Background: This project investigated the effects of round window membrane (RWM) sealants after surgical incision, with a focus on audiological thresholds, ossicular mechanics, and the impact upon cochlear function and pathology.
Methods: Twenty-eight guinea pigs were randomly allocated to one of three sealant groups (muscle, n = 7; fascia, n = 7, Tisseel, n = 8) or an unsealed control group (n = 6). Preoperative hearing was measured using auditory brainstem responses (ABRs). The ossicular chain and RWM were exposed surgically, and Laser Doppler Vibrometry (LDV) measurements were obtained from the long process of the incus. The RWM was incised then sealed (or left unsealed) according to group. ABR testing and LDV measurements were repeated 4 and 12 weeks after surgery. At 12 weeks all cochleae were harvested.
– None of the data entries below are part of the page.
lemma g_has_derivative: "0 < t \<Longrightarrow> (g has_real_derivative g' t) (at t)"
  unfolding g_def[abs_def] g'_def
  by (auto intro!: derivative_eq_intros simp: field_simps power2_eq_square power_pred_eq)

lemma g_continuous_on: "0 < a \<Longrightarrow> continuous_on {a..b} g"
  by (rule DERIV_continuous_on[of _ _ g'])
    (auto intro!: has_field_derivative_at_within g_has_derivative)

lemma g_pos: "0 < t \<Longrightarrow> 0 < g t"
  unfolding g_def using mu_pos by (intro add_pos_pos divide_pos_pos zero_less_power)

lemma g'_mono: "0 < s \<Longrightarrow> s \<le> t \<Longrightarrow> g' s \<le> g' t"
  unfolding g'_def using mu_pos power_mono[of s t "Suc m"]
  by (auto intro!: divide_left_mono)

lemma t_crit_pos: "0 < t_crit"
  using m_pos mu_pos unfolding t_crit_def by (auto intro!: real_root_pos_pos)

lemma t_crit_pow: "t_crit ^ Suc m = real m * \<mu>"
  unfolding t_crit_def using mu_pos by (intro real_root_pow_pos2) auto

lemma g'_eq: "0 < t \<Longrightarrow> g' t = 1 - (t_crit / t) ^ Suc m"
  unfolding g'_def using t_crit_pow by (simp add: power_divide)

lemma g'_neg: "0 < t \<Longrightarrow> t < t_crit \<Longrightarrow> g' t < 0"
  using g'_eq one_less_power[of "t_crit / t" "Suc m"] by simp

lemma g'_pos: "t_crit < t \<Longrightarrow> 0 < g' t"
  using g'_eq t_crit_pos power_strict_mono[of "t_crit / t" 1 "Suc m"] by simp

lemma g'_eq_0_iff: "0 < t \<Longrightarrow> g' t = 0 \<longleftrightarrow> t = t_crit"
  using g'_neg[of t] g'_pos[of t] g'_eq[of t_crit] t_crit_pos
  by (cases t t_crit rule: linorder_cases) auto

lemma g_strict_antimono:
  assumes "0 < x" "x < y" "y \<le> t_crit" shows "g y < g x"
proof (rule DERIV_neg_imp_decreasing_open[of x y g])
  fix t assume "x < t" "t < y"
  then show "\<exists>d. (g has_real_derivative d) (at t) \<and> d < 0"
    using g_has_derivative[of t] g'_neg[of t] assms by auto
qed (use assms g_continuous_on in auto)

lemma g_antimono: "0 < x \<Longrightarrow> x \<le> y \<Longrightarrow> y \<le> t_crit \<Longrightarrow> g y \<le> g x"
  using g_strict_antimono[of x y] by (cases "x = y") auto

lemma g_strict_mono:
  assumes "t_crit \<le> x" "x < y" shows "g x < g y"
proof (rule DERIV_pos_imp_increasing_open[of x y g])
  fix t assume "x < t" "t < y"
  then show "\<exists>d. (g has_real_derivative d) (at t) \<and> 0 < d"
    using g_has_derivative[of t] g'_pos[of t] assms t_crit_pos by auto
qed (use assms t_crit_pos g_continuous_on in auto)

lemma t_crit_less: "t_crit < real m / real (Suc m)"
proof -
  have "real m * \<mu> < real m * (1 / real (Suc m) * (real m / real (Suc m)) ^ m)"
    using mu_bound m_pos by (intro mult_strict_left_mono) auto
  also have "\<dots> = (real m / real (Suc m)) ^ Suc m" by (simp add: field_simps)
  finally have "t_crit ^ Suc m < (real m / real (Suc m)) ^ Suc m" using t_crit_pow by simp
  then show ?thesis by (rule power_less_imp_less_base) auto
qed

text \<open>This is where the upper bound on \<open>\<mu>\<close> enters: it makes the minimum of \<open>g\<close>
  smaller than \<open>1\<close>.\<close>

lemma g_t_crit_less_1: "g t_crit < 1"
proof -
  have "\<mu> / t_crit ^ m = t_crit / real m"
    using t_crit_pow t_crit_pos m_pos by (simp add: field_simps)
  then have "g t_crit = t_crit * (real (Suc m) / real m)"
    unfolding g_def using m_pos by (simp add: field_simps)
  also have "\<dots> < real m / real (Suc m) * (real (Suc m) / real m)"
    using t_crit_less m_pos by (intro mult_strict_right_mono) auto
  finally show ?thesis using m_pos by simp
qed

lemma mu_less_1: "\<mu> < 1"
proof -
  have "(real m / real (Suc m)) ^ m \<le> 1" by (intro power_le_one) auto
  then have "1 / real (Suc m) * (real m / real (Suc m)) ^ m \<le> 1 / real (Suc m) * 1"
    by (intro mult_left_mono) auto
  also have "\<dots> \<le> 1" by simp
  finally have "1 / real (Suc m) * (real m / real (Suc m)) ^ m \<le> 1" .
  then show ?thesis using mu_bound by linarith
qed

lemma mu_less_t_crit: "\<mu> < t_crit"
proof -
  have "\<mu> ^ Suc m < \<mu> ^ 1" using mu_pos mu_less_1 m_pos by (intro power_strict_decreasing) auto
  also have "\<dots> \<le> real m * \<mu>" using m_pos mu_pos by simp
  finally have "\<mu> ^ Suc m < t_crit ^ Suc m" using t_crit_pow by simp
  then show ?thesis by (rule power_less_imp_less_base) (use t_crit_pos in auto)
qed

lemma g_mu_greater_1: "1 < g \<mu>"
proof -
  have "\<mu> ^ m \<le> \<mu> ^ 1" using mu_pos mu_less_1 m_pos by (intro power_decreasing) auto
  then have "1 \<le> \<mu> / \<mu> ^ m" using mu_pos by (simp add: le_divide_eq)
  then show ?thesis unfolding g_def using mu_pos by linarith
qed

lemma g_eq_1_iff_root: "0 < t \<Longrightarrow> g t = 1 \<longleftrightarrow> t ^ Suc m - t ^ (Suc m - 1) + \<mu> = 0"
  unfolding g_def by (auto simp: field_simps)

lemma g_compare_1:
  assumes a: "0 < a" "a < t_crit" "g a = 1" and b: "t_crit < b" "g b = 1" and "0 < t"
  shows "t < a \<or> b < t \<Longrightarrow> 1 < g t" and "a < t \<Longrightarrow> t < b \<Longrightarrow> g t < 1"
proof -
  show "1 < g t" if "t < a \<or> b < t"
    using that g_strict_antimono[of t a] g_strict_mono[of b t] a b \<open>0 < t\<close> by auto
  show "g t < 1" if "a < t" "t < b"
  proof (cases "t \<le> t_crit")
    case True
    then show ?thesis using that g_strict_antimono[of a t] a by simp
  next
    case False
    then show ?thesis using that g_strict_mono[of t b] b by simp
  qed
qed

lemma a_lo_a_hi: "0 < a_lo" "a_lo < t_crit" "t_crit < a_hi" "g a_lo = 1" "g a_hi = 1"
proof -
  have "t_crit < 1" using t_crit_less by (simp add: less_le_trans)
  obtain a where a: "\<mu> \<le> a" "a \<le> t_crit" "g a = 1"
    using IVT2'[of g t_crit 1 \<mu>] g_t_crit_less_1 g_mu_greater_1 mu_less_t_crit
      g_continuous_on[OF mu_pos, of t_crit] by auto
  obtain b where b: "t_crit \<le> b" "b \<le> 1" "g b = 1"
    using IVT'[of g t_crit 1 1] g_t_crit_less_1 \<open>t_crit < 1\<close> mu_pos
      g_continuous_on[OF t_crit_pos, of 1] by (auto simp: g_def)
  have a': "0 < a" "a < t_crit" and b': "t_crit < b"
    using a b mu_pos g_t_crit_less_1 by (auto simp: order.order_iff_strict)
  have "undul_roots (Suc m) \<mu> = {a, b}"
  proof -
    have "g t = 1 \<longleftrightarrow> t = a \<or> t = b" if "0 < t" for t
    proof -
      consider "t < a \<or> b < t" | "a < t \<and> t < b" | "t = a \<or> t = b" by linarith
      then show ?thesis using g_compare_1[OF a' a(3) b' b(3) that] a(3) b(3) by cases auto
    qed
    then show ?thesis
      unfolding undul_roots_def using g_eq_1_iff_root a' b' by auto
  qed
  moreover have "a < b" using a' b' by simp
  ultimately have "a_lo = a" "a_hi = b"
    unfolding a_minus_def a_plus_def by (auto intro!: cInf_eq_minimum cSup_eq_maximum)
  then show "0 < a_lo" "a_lo < t_crit" "t_crit < a_hi" "g a_lo = 1" "g a_hi = 1"
    using a(3) b(3) a' b' by simp_all
qed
Results: ABR thresholds deteriorated over time in all groups. Overall, group was not statistically significant (p = 0.064). There was no significant effect by group on LDV measurements (p = 0.798). Histopathological analyses of the RWM showed that the fascia group had more extensive fibrosis than other groups (Independent-Samples Median Test, p = 0.001). However, there were minimal differences in the outer hair cell counts between the different intervention groups.
Conclusions: All the interventions appeared to be safe while none affected the cochlear mechanics or hearing thresholds in a statistically significant manner.